**What to work on**
Every line in the records below that holds the word "define" is to be copied.

**Source records**
_ _ _

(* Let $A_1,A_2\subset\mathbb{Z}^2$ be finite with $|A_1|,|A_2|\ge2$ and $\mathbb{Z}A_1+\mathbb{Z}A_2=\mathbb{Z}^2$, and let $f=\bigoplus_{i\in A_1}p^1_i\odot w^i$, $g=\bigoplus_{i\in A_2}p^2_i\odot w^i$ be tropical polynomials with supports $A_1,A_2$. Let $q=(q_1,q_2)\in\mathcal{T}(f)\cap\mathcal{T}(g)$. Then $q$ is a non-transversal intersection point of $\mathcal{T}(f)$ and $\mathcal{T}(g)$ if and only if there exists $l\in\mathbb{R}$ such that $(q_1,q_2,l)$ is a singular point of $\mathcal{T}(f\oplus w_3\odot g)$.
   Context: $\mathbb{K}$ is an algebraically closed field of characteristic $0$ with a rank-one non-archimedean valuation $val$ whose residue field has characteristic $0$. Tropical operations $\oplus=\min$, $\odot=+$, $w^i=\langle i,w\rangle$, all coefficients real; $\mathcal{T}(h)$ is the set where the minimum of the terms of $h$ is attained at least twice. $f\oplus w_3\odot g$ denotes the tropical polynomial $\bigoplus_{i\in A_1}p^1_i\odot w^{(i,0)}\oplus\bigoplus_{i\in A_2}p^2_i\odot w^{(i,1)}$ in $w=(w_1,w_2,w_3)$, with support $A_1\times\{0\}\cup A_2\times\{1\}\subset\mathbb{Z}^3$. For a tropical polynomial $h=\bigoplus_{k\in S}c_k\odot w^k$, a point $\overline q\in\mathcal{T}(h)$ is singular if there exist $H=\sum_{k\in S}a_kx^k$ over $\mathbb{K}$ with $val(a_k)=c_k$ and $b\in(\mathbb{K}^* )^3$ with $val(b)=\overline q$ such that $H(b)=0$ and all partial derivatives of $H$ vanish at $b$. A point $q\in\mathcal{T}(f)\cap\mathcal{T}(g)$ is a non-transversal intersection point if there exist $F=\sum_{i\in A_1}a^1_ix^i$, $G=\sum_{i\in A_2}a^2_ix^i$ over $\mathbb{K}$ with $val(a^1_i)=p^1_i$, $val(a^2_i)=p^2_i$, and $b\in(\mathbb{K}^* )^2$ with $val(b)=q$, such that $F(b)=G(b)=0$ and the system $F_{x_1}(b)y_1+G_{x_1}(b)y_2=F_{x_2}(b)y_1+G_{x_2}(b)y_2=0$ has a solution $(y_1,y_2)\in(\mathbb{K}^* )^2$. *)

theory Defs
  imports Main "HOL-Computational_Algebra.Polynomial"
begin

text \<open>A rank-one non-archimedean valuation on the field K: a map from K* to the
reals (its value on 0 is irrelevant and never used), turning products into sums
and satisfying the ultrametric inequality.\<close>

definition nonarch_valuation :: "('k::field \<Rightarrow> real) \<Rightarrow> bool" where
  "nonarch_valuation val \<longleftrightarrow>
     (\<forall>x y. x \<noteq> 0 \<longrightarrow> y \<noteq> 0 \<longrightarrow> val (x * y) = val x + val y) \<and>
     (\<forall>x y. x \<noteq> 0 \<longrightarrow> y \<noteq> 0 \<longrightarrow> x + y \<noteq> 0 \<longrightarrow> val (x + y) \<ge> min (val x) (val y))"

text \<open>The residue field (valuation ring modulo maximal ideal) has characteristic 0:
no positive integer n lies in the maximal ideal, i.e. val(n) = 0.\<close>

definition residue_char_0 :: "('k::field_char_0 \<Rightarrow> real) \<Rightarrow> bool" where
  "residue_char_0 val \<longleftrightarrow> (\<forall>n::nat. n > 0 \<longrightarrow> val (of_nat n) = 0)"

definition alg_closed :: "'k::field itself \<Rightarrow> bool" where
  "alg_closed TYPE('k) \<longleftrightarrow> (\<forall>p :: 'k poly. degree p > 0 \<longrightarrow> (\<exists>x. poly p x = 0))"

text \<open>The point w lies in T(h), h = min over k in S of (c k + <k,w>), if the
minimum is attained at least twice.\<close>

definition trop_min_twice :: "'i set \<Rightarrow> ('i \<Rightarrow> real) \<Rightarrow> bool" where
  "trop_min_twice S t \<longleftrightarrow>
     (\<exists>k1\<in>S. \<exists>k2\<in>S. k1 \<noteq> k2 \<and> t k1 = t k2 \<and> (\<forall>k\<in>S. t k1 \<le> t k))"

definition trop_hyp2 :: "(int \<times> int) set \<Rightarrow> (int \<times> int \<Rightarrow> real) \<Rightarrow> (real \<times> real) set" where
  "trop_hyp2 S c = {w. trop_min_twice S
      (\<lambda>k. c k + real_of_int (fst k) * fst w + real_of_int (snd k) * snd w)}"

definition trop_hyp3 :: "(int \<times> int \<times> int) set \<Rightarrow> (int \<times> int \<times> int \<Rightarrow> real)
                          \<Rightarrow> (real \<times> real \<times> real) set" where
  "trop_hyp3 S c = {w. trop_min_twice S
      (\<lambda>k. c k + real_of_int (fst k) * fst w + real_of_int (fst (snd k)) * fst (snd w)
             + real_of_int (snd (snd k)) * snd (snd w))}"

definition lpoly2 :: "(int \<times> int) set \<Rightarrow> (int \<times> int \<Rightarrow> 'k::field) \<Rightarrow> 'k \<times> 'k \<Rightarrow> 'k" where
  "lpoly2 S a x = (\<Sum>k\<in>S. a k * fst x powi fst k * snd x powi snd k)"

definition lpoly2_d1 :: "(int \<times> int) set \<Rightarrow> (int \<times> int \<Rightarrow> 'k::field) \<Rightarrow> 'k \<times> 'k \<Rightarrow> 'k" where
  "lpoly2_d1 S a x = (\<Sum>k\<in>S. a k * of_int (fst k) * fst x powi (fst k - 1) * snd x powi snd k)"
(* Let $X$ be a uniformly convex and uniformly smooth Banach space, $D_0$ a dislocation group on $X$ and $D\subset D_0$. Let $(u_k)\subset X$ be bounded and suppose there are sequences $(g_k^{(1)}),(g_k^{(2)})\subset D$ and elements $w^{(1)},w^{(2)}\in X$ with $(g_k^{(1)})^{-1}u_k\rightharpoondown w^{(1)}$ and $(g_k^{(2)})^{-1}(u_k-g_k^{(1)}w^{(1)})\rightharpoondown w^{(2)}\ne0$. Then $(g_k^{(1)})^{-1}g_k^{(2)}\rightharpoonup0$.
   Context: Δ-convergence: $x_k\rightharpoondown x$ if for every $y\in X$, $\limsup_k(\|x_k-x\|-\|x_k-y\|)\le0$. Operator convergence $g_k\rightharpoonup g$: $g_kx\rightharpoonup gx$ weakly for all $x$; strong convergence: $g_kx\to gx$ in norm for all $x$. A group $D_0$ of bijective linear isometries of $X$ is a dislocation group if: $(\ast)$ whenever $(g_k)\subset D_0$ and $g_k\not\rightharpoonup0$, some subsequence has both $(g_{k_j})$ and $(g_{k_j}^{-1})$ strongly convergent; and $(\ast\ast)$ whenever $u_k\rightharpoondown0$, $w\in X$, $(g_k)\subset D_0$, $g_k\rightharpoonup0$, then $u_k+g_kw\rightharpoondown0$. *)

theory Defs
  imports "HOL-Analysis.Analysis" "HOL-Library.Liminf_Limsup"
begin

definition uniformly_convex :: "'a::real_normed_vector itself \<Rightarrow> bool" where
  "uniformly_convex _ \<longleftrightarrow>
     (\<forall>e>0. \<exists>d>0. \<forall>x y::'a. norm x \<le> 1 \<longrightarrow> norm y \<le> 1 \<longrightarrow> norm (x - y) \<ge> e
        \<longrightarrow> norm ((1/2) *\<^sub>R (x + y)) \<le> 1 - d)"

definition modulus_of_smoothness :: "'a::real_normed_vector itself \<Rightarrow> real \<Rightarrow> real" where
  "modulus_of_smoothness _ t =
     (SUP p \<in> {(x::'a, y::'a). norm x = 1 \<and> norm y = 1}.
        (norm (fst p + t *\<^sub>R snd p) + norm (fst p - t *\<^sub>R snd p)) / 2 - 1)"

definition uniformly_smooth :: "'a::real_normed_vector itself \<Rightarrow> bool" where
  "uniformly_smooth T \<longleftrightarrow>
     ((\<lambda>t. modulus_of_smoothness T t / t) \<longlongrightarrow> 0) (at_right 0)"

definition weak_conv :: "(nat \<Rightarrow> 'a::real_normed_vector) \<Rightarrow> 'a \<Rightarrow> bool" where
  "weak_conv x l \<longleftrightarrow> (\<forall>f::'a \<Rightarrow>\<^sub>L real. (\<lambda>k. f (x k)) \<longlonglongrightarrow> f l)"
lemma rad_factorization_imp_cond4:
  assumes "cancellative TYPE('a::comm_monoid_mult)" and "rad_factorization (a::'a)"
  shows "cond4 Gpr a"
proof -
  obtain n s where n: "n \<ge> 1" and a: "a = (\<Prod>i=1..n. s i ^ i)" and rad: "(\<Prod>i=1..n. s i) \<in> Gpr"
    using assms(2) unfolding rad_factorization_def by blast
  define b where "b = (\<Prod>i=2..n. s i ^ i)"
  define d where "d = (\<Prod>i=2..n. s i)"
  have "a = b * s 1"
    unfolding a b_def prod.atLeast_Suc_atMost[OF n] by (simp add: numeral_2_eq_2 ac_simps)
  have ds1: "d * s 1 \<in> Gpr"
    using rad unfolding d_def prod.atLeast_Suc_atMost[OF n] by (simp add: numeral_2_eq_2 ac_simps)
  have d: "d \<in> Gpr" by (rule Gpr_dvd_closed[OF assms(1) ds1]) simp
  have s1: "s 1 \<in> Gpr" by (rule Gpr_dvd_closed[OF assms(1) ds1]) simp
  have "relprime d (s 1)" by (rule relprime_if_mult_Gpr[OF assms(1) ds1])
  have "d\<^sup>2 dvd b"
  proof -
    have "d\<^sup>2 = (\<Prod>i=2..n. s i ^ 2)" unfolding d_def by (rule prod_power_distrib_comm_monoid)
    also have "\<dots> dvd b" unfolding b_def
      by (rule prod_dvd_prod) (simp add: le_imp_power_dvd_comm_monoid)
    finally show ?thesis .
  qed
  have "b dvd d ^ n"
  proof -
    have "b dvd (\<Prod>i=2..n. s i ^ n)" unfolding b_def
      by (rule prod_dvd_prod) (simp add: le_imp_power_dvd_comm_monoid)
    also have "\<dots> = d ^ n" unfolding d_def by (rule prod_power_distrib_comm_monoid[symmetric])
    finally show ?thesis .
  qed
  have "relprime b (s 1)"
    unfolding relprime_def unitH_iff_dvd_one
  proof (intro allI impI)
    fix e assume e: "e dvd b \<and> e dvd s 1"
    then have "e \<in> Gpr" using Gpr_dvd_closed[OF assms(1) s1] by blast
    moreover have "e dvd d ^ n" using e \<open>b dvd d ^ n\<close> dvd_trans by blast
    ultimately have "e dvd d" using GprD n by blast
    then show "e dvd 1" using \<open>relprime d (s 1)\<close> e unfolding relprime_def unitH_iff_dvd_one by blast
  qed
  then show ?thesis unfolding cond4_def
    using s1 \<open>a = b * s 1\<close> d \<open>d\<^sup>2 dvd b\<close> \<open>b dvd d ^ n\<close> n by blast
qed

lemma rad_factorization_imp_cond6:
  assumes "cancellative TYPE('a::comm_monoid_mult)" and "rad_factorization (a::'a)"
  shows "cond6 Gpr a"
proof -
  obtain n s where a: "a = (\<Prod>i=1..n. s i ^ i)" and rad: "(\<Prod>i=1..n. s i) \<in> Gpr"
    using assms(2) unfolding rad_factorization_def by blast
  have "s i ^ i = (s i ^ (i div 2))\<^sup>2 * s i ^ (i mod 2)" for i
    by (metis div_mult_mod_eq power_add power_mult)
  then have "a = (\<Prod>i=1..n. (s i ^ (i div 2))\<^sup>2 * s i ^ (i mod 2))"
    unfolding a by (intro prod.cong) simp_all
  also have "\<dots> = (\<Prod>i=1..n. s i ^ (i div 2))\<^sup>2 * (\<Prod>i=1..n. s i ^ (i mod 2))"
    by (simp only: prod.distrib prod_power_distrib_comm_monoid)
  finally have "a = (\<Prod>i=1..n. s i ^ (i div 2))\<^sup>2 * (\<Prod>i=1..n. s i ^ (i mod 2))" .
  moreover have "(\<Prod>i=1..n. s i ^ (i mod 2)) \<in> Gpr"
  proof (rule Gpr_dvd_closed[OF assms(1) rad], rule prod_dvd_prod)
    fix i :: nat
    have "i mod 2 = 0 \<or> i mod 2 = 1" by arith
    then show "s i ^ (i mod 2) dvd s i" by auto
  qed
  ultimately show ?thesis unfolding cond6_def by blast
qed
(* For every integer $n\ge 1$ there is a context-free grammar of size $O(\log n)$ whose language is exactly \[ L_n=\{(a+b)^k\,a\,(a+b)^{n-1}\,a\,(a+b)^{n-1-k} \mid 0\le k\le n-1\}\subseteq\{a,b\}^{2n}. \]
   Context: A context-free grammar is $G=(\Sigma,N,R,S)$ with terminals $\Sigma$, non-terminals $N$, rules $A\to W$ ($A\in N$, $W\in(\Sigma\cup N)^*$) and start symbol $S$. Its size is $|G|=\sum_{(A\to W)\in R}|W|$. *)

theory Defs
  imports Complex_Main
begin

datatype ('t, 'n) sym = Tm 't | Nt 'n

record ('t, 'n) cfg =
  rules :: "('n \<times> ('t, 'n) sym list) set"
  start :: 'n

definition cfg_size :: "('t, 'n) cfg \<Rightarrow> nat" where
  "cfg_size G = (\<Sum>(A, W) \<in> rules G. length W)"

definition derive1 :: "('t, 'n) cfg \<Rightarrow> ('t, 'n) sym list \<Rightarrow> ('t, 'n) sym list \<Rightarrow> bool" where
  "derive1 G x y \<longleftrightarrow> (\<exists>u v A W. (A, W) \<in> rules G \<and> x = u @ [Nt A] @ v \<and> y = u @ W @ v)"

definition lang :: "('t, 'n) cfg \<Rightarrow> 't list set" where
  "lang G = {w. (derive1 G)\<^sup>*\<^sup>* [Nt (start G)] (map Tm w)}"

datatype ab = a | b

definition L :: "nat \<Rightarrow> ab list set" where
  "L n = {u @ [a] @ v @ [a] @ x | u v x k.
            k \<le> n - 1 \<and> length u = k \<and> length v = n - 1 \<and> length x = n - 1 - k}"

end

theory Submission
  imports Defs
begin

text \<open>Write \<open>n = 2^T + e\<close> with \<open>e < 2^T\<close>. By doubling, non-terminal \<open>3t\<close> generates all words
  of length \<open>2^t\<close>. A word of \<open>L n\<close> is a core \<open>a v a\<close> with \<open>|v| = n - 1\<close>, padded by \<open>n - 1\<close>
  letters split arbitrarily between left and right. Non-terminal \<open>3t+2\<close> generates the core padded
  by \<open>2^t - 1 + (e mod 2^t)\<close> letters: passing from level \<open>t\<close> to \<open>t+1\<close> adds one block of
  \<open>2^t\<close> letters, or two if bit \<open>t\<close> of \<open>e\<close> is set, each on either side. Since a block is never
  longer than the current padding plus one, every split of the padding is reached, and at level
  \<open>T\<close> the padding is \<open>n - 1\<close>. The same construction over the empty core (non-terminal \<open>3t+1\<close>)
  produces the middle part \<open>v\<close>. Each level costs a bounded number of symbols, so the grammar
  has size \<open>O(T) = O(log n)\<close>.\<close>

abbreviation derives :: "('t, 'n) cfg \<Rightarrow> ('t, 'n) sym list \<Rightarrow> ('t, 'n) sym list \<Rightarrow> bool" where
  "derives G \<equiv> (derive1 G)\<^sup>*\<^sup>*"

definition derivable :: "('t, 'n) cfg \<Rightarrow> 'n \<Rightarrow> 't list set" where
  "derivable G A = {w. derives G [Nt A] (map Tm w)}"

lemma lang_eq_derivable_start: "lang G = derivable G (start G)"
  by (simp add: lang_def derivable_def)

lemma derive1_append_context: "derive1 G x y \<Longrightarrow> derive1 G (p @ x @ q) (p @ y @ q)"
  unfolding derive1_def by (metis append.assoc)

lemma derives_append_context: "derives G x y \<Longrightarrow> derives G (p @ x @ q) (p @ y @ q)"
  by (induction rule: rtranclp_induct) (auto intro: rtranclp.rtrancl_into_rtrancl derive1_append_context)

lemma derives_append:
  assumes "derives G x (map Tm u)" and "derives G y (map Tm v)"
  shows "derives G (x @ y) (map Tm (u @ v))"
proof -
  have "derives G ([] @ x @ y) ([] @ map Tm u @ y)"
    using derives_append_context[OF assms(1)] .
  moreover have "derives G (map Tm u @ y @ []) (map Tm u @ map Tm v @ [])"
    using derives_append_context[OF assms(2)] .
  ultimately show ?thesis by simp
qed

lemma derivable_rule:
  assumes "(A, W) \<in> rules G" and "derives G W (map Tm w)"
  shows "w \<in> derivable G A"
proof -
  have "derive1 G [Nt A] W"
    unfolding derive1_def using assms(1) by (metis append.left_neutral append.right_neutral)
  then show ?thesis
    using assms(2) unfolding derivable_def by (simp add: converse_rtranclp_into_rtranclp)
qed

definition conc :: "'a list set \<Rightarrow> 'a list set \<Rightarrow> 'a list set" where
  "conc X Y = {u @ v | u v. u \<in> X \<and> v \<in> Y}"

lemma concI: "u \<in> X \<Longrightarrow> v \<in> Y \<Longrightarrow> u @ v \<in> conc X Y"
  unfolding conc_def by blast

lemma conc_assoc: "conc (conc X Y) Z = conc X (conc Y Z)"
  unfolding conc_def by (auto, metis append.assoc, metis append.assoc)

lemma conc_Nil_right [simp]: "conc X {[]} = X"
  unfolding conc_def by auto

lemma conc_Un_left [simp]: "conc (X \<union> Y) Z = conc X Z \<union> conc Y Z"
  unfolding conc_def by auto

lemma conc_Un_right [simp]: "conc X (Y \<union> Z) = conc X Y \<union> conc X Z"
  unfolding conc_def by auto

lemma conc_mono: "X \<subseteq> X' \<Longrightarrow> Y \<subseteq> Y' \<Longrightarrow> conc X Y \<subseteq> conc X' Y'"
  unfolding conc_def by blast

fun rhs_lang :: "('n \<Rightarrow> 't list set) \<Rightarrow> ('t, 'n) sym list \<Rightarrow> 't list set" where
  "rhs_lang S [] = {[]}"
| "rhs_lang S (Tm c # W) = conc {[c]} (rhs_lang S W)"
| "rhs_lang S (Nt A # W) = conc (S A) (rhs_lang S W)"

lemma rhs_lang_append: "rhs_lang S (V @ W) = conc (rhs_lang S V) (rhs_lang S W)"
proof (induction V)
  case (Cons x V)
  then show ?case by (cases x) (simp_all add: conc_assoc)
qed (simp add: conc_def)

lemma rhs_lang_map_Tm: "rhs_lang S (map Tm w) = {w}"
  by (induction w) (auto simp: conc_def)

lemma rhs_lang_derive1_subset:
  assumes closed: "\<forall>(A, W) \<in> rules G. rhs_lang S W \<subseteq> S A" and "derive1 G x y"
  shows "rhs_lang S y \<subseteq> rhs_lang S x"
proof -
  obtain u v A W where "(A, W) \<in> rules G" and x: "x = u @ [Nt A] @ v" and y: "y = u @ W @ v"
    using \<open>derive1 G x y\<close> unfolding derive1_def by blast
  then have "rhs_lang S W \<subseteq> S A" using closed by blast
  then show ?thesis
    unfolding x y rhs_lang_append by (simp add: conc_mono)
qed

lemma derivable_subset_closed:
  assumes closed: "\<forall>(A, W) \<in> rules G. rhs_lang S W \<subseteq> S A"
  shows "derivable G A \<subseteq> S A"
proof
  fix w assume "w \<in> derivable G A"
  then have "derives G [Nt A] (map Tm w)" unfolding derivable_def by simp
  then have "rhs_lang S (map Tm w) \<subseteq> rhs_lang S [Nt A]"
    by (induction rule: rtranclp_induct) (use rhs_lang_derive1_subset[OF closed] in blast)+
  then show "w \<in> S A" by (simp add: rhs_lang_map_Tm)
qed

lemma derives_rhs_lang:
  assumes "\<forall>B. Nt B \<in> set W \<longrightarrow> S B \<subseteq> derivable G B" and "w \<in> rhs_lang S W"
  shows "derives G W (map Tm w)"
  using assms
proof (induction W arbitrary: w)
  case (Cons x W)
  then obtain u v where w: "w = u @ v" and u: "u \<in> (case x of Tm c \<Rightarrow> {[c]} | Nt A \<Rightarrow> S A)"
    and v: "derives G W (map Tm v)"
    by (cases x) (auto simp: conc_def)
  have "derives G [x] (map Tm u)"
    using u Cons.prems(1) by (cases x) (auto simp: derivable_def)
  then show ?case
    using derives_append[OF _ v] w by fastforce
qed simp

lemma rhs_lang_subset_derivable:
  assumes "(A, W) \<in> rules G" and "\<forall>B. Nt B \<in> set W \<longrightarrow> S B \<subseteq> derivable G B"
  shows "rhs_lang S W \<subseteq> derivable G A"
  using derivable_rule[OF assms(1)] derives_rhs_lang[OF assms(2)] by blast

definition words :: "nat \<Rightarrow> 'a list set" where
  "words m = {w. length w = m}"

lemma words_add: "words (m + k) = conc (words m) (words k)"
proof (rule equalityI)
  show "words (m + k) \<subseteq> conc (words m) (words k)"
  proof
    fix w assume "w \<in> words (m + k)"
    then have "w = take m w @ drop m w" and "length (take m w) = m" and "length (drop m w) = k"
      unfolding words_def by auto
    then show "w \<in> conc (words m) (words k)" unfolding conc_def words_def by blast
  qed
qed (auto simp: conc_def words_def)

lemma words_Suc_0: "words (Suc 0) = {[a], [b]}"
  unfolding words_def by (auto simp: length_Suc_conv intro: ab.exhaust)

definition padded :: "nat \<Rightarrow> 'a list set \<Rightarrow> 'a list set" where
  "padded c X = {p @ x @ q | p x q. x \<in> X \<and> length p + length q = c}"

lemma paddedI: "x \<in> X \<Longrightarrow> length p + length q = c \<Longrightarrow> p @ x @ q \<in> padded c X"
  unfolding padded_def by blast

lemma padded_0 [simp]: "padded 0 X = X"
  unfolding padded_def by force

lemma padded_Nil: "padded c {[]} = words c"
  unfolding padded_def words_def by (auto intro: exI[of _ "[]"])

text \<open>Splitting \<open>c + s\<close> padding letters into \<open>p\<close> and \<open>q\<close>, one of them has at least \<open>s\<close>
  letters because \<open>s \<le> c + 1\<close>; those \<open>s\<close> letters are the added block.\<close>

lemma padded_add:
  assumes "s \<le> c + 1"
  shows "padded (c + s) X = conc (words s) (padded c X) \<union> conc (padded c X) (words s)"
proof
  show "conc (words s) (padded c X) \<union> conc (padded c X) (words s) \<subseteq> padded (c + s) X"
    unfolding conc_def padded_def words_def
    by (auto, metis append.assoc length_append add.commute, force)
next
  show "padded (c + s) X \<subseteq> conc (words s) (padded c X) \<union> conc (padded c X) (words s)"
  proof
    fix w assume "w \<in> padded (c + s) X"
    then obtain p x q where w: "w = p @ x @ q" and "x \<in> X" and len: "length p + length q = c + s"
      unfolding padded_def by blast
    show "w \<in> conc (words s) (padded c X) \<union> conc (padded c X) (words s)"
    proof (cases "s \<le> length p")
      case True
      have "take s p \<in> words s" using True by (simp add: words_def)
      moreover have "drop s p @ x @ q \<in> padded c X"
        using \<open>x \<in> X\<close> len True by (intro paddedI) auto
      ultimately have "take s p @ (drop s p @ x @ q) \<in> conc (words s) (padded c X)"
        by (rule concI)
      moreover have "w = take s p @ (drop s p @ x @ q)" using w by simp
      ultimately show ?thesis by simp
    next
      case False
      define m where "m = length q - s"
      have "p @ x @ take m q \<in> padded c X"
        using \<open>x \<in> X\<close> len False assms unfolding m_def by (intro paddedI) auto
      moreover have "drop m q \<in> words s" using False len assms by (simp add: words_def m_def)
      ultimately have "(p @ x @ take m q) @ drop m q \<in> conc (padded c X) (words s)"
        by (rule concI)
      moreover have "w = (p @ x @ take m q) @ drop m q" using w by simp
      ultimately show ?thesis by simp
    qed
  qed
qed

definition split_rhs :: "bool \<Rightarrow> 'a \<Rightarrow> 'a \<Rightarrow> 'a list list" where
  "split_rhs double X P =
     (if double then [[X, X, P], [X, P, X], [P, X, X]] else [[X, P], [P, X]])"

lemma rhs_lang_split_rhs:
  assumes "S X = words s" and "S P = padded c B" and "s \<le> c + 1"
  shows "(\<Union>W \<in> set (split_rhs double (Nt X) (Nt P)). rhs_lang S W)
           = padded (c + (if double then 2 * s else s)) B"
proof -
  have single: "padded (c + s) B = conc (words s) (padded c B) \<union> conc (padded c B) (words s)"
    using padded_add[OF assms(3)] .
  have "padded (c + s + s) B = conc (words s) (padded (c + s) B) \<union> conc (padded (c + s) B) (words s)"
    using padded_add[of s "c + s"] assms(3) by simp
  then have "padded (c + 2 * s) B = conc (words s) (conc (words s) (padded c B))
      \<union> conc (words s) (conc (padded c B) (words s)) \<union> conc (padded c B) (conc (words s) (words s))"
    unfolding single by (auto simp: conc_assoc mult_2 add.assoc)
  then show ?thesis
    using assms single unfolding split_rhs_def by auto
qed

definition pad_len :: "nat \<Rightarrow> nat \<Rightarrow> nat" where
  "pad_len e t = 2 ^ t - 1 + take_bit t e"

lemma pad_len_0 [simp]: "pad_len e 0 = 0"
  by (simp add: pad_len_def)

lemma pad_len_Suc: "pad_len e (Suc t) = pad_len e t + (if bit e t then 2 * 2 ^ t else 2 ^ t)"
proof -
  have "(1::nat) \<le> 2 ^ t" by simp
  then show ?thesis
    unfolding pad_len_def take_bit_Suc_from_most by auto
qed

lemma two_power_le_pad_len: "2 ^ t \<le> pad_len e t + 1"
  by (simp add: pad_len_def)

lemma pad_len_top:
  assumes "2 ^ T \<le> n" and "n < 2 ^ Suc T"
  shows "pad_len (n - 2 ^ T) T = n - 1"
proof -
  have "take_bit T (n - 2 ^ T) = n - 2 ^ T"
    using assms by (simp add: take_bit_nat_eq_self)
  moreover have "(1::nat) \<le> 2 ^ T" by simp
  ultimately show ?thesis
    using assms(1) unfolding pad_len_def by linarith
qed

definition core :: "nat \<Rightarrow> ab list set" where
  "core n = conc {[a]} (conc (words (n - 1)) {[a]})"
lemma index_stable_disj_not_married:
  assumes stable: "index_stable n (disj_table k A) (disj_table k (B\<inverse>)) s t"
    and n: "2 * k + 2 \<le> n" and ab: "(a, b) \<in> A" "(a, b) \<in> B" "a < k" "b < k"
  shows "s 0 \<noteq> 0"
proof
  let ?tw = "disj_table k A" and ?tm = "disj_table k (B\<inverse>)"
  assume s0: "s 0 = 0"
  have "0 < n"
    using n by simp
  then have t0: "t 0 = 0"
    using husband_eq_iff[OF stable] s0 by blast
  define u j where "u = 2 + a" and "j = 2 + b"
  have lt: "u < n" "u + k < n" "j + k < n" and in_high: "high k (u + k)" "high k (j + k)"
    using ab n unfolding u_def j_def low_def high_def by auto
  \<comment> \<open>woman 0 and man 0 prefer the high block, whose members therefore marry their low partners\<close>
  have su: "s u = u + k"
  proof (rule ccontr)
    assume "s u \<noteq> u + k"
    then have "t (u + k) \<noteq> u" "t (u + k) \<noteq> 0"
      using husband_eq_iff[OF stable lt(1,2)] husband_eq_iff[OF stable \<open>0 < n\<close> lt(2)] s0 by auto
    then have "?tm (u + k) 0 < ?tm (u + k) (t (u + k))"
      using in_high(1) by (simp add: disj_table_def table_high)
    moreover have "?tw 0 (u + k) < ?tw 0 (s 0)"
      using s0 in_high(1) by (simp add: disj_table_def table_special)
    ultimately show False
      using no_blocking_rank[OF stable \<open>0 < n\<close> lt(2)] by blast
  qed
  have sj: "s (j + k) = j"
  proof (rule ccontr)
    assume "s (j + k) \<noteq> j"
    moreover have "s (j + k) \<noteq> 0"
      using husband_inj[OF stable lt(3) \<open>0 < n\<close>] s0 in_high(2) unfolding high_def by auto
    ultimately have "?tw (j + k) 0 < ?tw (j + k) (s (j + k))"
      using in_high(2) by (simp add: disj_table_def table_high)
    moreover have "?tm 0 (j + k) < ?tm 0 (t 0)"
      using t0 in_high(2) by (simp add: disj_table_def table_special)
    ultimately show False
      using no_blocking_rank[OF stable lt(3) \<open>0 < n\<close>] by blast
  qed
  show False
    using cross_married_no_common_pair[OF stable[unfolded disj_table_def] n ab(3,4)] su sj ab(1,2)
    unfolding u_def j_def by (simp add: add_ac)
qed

_ _ _

**Result of this exercise**
  define b where "b = (\<Prod>i=2..n. s i ^ i)"
  define d where "d = (\<Prod>i=2..n. s i)"
      define m where "m = length q - s"
  define u j where "u = 2 + a" and "j = 2 + b"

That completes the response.